Prime factorization, Fermat’s little theorem, sum of a geometric progression, binary exponentiation

PROBLEM:

Given an integer N, you can do the following operation exactly K times:

  • Pick a positive divisor d of the current value of N and set N \gets N\times d

Find the sum of all possible final values of N that can be obtained, modulo 10^9 + 7.

EXPLANATION:

Consider the prime factorization of N, say

N = p_1^{a_1}p_2^{a_2}\ldots p_r^{a_r}

Note that multiplying N by a factor of itself cannot increase (or decrease) the number of distinct primes in its factorization: it only increases the value of the a_i of the existing p_i.
In particular, performing the move once allows us to set a_i to any value in the range [a_i, 2a_i].

Once you observe this, it is also not hard to see that after k moves, the final value of a_i can be anything in the range [a_i, 2^k \cdot a_i].

Proof

This can be proved with induction.
For k = 1, we already know that the range is [a_i, 2a_i]. Now, consider some k \gt 1.

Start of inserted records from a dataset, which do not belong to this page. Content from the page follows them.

lemma bij_betw_vsub_ZN_fibre:
  assumes c: "c \<in> ZN_vecs N k" and "m < k" "a < N"
  shows "bij_betw (\<lambda>v. vsub N v c) (ZN_fibre N k m a) (ZN_fibre N k m ((a + N - c ! m) mod N))"
proof (rule bij_betw_byWitness[where f' = "\<lambda>w. map2 (\<lambda>x y. (x + y) mod N) w c"])
  have c_len: "length c = k" and c_N: "\<forall>i<k. c ! i < N" using c by (auto simp: ZN_vecs_def)
  have vsub_nth: "vsub N v c ! i = (v ! i + N - c ! i) mod N" if "length v = k" "i < k" for v i
    using that c_len c_N by (simp add: vsub_def)
  show "\<forall>v\<in>ZN_fibre N k m a. map2 (\<lambda>x y. (x + y) mod N) (vsub N v c) c = v"
    using c_len c_N vsub_nth sub_mod_add_cancel
    by (auto simp: ZN_fibre_def ZN_vecs_def vsub_def intro!: nth_equalityI)
  show "\<forall>w\<in>ZN_fibre N k m ((a + N - c ! m) mod N). vsub N (map2 (\<lambda>x y. (x + y) mod N) w c) c = w"
    using c_len c_N add_mod_sub_cancel
    by (auto simp: ZN_fibre_def ZN_vecs_def vsub_def intro!: nth_equalityI)
  show "(\<lambda>v. vsub N v c) ` ZN_fibre N k m a \<subseteq> ZN_fibre N k m ((a + N - c ! m) mod N)"
    using assms(2,3) c_len vsub_nth by (auto simp: ZN_fibre_def ZN_vecs_def vsub_def set_conv_nth)
  show "(\<lambda>w. map2 (\<lambda>x y. (x + y) mod N) w c) ` ZN_fibre N k m ((a + N - c ! m) mod N) \<subseteq> ZN_fibre N k m a"
    using assms(2,3) c_len c_N sub_mod_add_cancel by (auto simp: ZN_fibre_def ZN_vecs_def set_conv_nth)
qed

lemma sum_pmf_ZN_fibre:
  assumes "set_pmf p \<subseteq> ZN_vecs N k"
  shows "sum (pmf p) (ZN_fibre N k m a) = measure_pmf.prob p {w. w ! m = a}"
proof -
  have "sum (pmf p) (ZN_fibre N k m a) = measure_pmf.prob p (ZN_fibre N k m a)"
    using finite_ZN_vecs by (intro measure_measure_pmf_finite[symmetric]) (simp add: ZN_fibre_def)
  also have "ZN_fibre N k m a \<inter> set_pmf p = {w. w ! m = a} \<inter> set_pmf p"
    using assms by (auto simp: ZN_fibre_def)
  then have "measure_pmf.prob p (ZN_fibre N k m a) = measure_pmf.prob p {w. w ! m = a}"
    by (metis measure_Int_set_pmf)
  finally show ?thesis .
qed

lemma one_wise_shifted_pmf:
  assumes p: "set_pmf p \<subseteq> ZN_vecs N k" "\<forall>m<k. \<forall>a<N. measure_pmf.prob p {w. w ! m = a} = 1 / real N"
    and c: "c \<in> ZN_vecs N k"
  shows "one_wise (\<lambda>v. real N ^ k * pmf p (vsub N v c)) N k"
  unfolding one_wise_def
proof (intro allI impI)
  fix m a assume m: "m < k" and a: "a < N"
  have "sum (\<lambda>v. pmf p (vsub N v c)) (ZN_fibre N k m a)
      = sum (pmf p) (ZN_fibre N k m ((a + N - c ! m) mod N))"
    by (rule sum.reindex_bij_betw[OF bij_betw_vsub_ZN_fibre[OF c m a]])
  also have "\<dots> = 1 / real N"
    using p a by (simp add: sum_pmf_ZN_fibre m)
  finally show "(\<Sum>v\<in>ZN_fibre N k m a. real N ^ k * pmf p (vsub N v c)) = of_nat N ^ (k - 1)"
    using m a by (simp add: sum_distrib_left[symmetric] power_eq_if)
qed

lemma one_wise_of_real:
  "one_wise f N k \<Longrightarrow> one_wise (\<lambda>v. of_real (f v) :: 'a::{real_algebra_1, comm_semiring_1}) N k"
  unfolding one_wise_def by (metis of_real_sum of_real_of_nat_eq of_real_power)

lemma weighted_hyperforest_of_real:
  "weighted_hyperforest D I edge w N k
    \<Longrightarrow> weighted_hyperforest D I edge (\<lambda>\<iota> v. of_real (w \<iota> v) :: 'a::{real_algebra_1, comm_semiring_1}) N k"
  unfolding weighted_hyperforest_def using one_wise_of_real by blast

lemma set_prodU:
  assumes "t \<in> prodU e n"
  shows "set t \<subseteq> set e \<times> {1..n}"
proof
  fix s assume "s \<in> set t"
  then obtain i where "i < length t" "s = t ! i" by (auto simp: in_set_conv_nth)
  then show "s \<in> set e \<times> {1..n}" using assms nth_mem by (fastforce simp: prodU_def mem_Times_iff)
qed

lemma distinct_prodU: "t \<in> prodU e n \<Longrightarrow> distinct e \<Longrightarrow> distinct t"
  by (auto simp: prodU_def distinct_conv_nth) metis

lemma finite_prodU: "finite (prodU e n)"
proof (rule finite_subset)
  show "prodU e n \<subseteq> {t. set t \<subseteq> set e \<times> {1..n} \<and> length t = length e}"
    using set_prodU by (auto simp: prodU_def)
qed (simp add: finite_lists_length_eq)

definition restriction_edges :: "'i set \<Rightarrow> ('i \<Rightarrow> 'v list) \<Rightarrow> nat \<Rightarrow> nat
    \<Rightarrow> ('i \<Rightarrow> nat \<Rightarrow> ('v \<times> nat) list \<Rightarrow> nat list option) \<Rightarrow> ('i \<times> nat \<times> ('v \<times> nat) list) set" where
  "restriction_edges E tup n K z = (SIGMA i:E. SIGMA j:{1..K}. rsupp (tup i) n (z i j))"

definition restriction_weight :: "nat \<Rightarrow> nat \<Rightarrow> ('i \<Rightarrow> nat list pmf)
    \<Rightarrow> ('i \<Rightarrow> nat \<Rightarrow> ('v \<times> nat) list \<Rightarrow> nat list option) \<Rightarrow> 'i \<times> nat \<times> ('v \<times> nat) list \<Rightarrow> nat list \<Rightarrow> real" where
  "restriction_weight k N mu z = (\<lambda>(i, j, t) v. real N ^ k * pmf (mu i) (vsub N v (the (z i j t))))"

By the inductive hypothesis, after the first k-1 moves, the exponent can be anything in the range [a_i, 2^{k-1} \cdot a_i].
Consider any x \in [a_i, 2^{k} \cdot a_i].

  • If x \leq 2^{k-1} \cdot a_i, then we can reach x using the first k-1 moves and then not touch it on the k-th.
  • If x \gt 2^{k-1} \cdot a_i, then use the first k-1 moves to reach 2^{k-1} \cdot a_i, and the k-th to reach x.

This completes the proof.

So, we know exactly which set of numbers can be formed, in terms of their prime factorizations. Now, we need to compute their sum.

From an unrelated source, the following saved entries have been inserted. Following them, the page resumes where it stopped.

(* Assume $\kappa^\infty_i\ge0$ for all $i\ge2$, and let $\xi<1$ satisfy $\alpha\xi>\alpha_{\rm s}$. Let $I^*=[-a^*,a^*]$ be such that $h^\Sigma(\mathcal X_{I^*})\subseteq\mathcal X_{I^*}$. Then for all $\boldsymbol x,\boldsymbol y\in\mathcal X_{I^*}$, $$\|h^\Sigma(\boldsymbol x)-h^\Sigma(\boldsymbol y)\|_\xi\le R'\Big(\frac1{\xi\alpha}\Big)\Big(\frac1{\xi\alpha}\Big)^2\|\boldsymbol x-\boldsymbol y\|_\xi,\qquad\text{and}\qquad R'\Big(\frac1{\xi\alpha}\Big)\Big(\frac1{\xi\alpha}\Big)^2<1.$$
   Context: $\Lambda$ compactly supported with support supremum $b$; $G(z)=\mathbb E\{(z-\Lambda)^{-1}\}$, $\alpha_{\rm s}=1/G(b^+)$; $\kappa^\infty_k$ the free cumulants of $\Lambda$; $R'(z)=\sum_{i\ge0}(i+1)\kappa^\infty_{i+2}z^i$ (convergent for $0\le z<1/\alpha_{\rm s}$); $\rho_\alpha^2=-1/(\alpha^2G'(G^{-1}(1/\alpha)))$. Arrays $\boldsymbol x=(x_{s,t})_{s,t\le0}$ carry the norm $\|\boldsymbol x\|_\xi=\sup_{s,t\le0}\xi^{\max(|s|,|t|)}|x_{s,t}|$; $\mathcal X_I=\{\boldsymbol x:x_{s,t}\in I\ \forall s,t\}$. $h^\Sigma_{s,t}(\boldsymbol x)=\sum_{j,k\ge0}\kappa^\infty_{j+k+2}(1/\alpha)^{j+k+2}\big((\alpha\rho_\alpha)^2+x_{s-j,t-k}\big)$. *)

theory Defs
  imports "HOL-Probability.Probability" "HOL-Computational_Algebra.Formal_Power_Series"
begin

text \<open>The law of Lambda is a Borel probability measure mu on the reals.\<close>

definition msupp :: "real measure \<Rightarrow> real set" where
  "msupp \<mu> = {x. \<forall>e>0. emeasure \<mu> (ball x e) > 0}"

definition supp_sup :: "real measure \<Rightarrow> real" where
  "supp_sup \<mu> = Sup (msupp \<mu>)"

definition stieltjes :: "real measure \<Rightarrow> real \<Rightarrow> real" where
  "stieltjes \<mu> z = (\<integral>x. 1 / (z - x) \<partial>\<mu>)"

text \<open>G(b+) as an extended real (possibly infinite), alpha_s = 1/G(b+) with 1/infinity = 0.\<close>
definition G_bplus :: "real measure \<Rightarrow> ereal" where
  "G_bplus \<mu> = Lim (at_right (supp_sup \<mu>)) (\<lambda>z. ereal (stieltjes \<mu> z))"

definition alpha_s :: "real measure \<Rightarrow> real" where
  "alpha_s \<mu> = real_of_ereal (inverse (G_bplus \<mu>))"

definition moment :: "real measure \<Rightarrow> nat \<Rightarrow> real" where
  "moment \<mu> n = (\<integral>x. x ^ n \<partial>\<mu>)"

definition moment_fps :: "real measure \<Rightarrow> real fps" where
  "moment_fps \<mu> = Abs_fps (moment \<mu>)"

text \<open>Free cumulants via the moment--free-cumulant relation
  m_n = sum_{s=1}^n kappa_s sum_{i_1+...+i_s = n-s} m_{i_1}...m_{i_s}.\<close>
definition free_cumulant :: "real measure \<Rightarrow> nat \<Rightarrow> real" where
  "free_cumulant \<mu> = (THE \<kappa>. \<kappa> 0 = 0 \<and>
      (\<forall>n\<ge>1. moment \<mu> n = (\<Sum>s=1..n. \<kappa> s * fps_nth (moment_fps \<mu> ^ s) (n - s))))"

definition Rprime :: "real measure \<Rightarrow> real \<Rightarrow> real" where
  "Rprime \<mu> z = (\<Sum>i. real (i + 1) * free_cumulant \<mu> (i + 2) * z ^ i)"

definition G_inv :: "real measure \<Rightarrow> real \<Rightarrow> real" where
  "G_inv \<mu> y = (THE z. z > supp_sup \<mu> \<and> stieltjes \<mu> z = y)"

This can be done by modifying a well-knowing algorithm that computes the sum of divisors of N from its prime factors.

If you haven't heard of this

Suppose N = p_1^{a_1}p_2^{a_2}\ldots p_r^{a_r}. Then, if S denotes the sum of all of its divisors, we have

S = (1 + p_1 + p_1^2 + \ldots + p_1^{a_1}) (1 + p_2 + \ldots + p_2^{a_2})\ldots (1 + p_r + \ldots + p_r^{a_r})

It’s easy to see that this expression, when expanded out, gives us the sum of all divisors of N: each divisor is defined by choosing an exponent b_i for p_i such that 0 \leq b_i \leq a_i, and any such choice of b_i gives us a distinct factor.

Note that S is now the product of several geometric progressions, and each of those can be individually computed using the formula for the sum of a geometric progression.

Applying the above idea, we see that the answer to our problem is nothing but:

(p_1^{a_1} + p_1^{a_1 + 1} + \ldots + p_1^{2^k \cdot a_1})(p_2^{a_2} + \ldots + p_2^{2^k \cdot a_2})\ldots (p_r^{a_r} + \ldots + p_r^{2^k \cdot a_r})

Each expression above is, once again, a geometric progression: starting from p_i^{a_i} with ratio p_i and 2^k \cdot a_i - a_i + 1 terms. Knowing all this information, the value of each expression can be calculated using the sum of GP formula in \mathcal{O}(\log MOD).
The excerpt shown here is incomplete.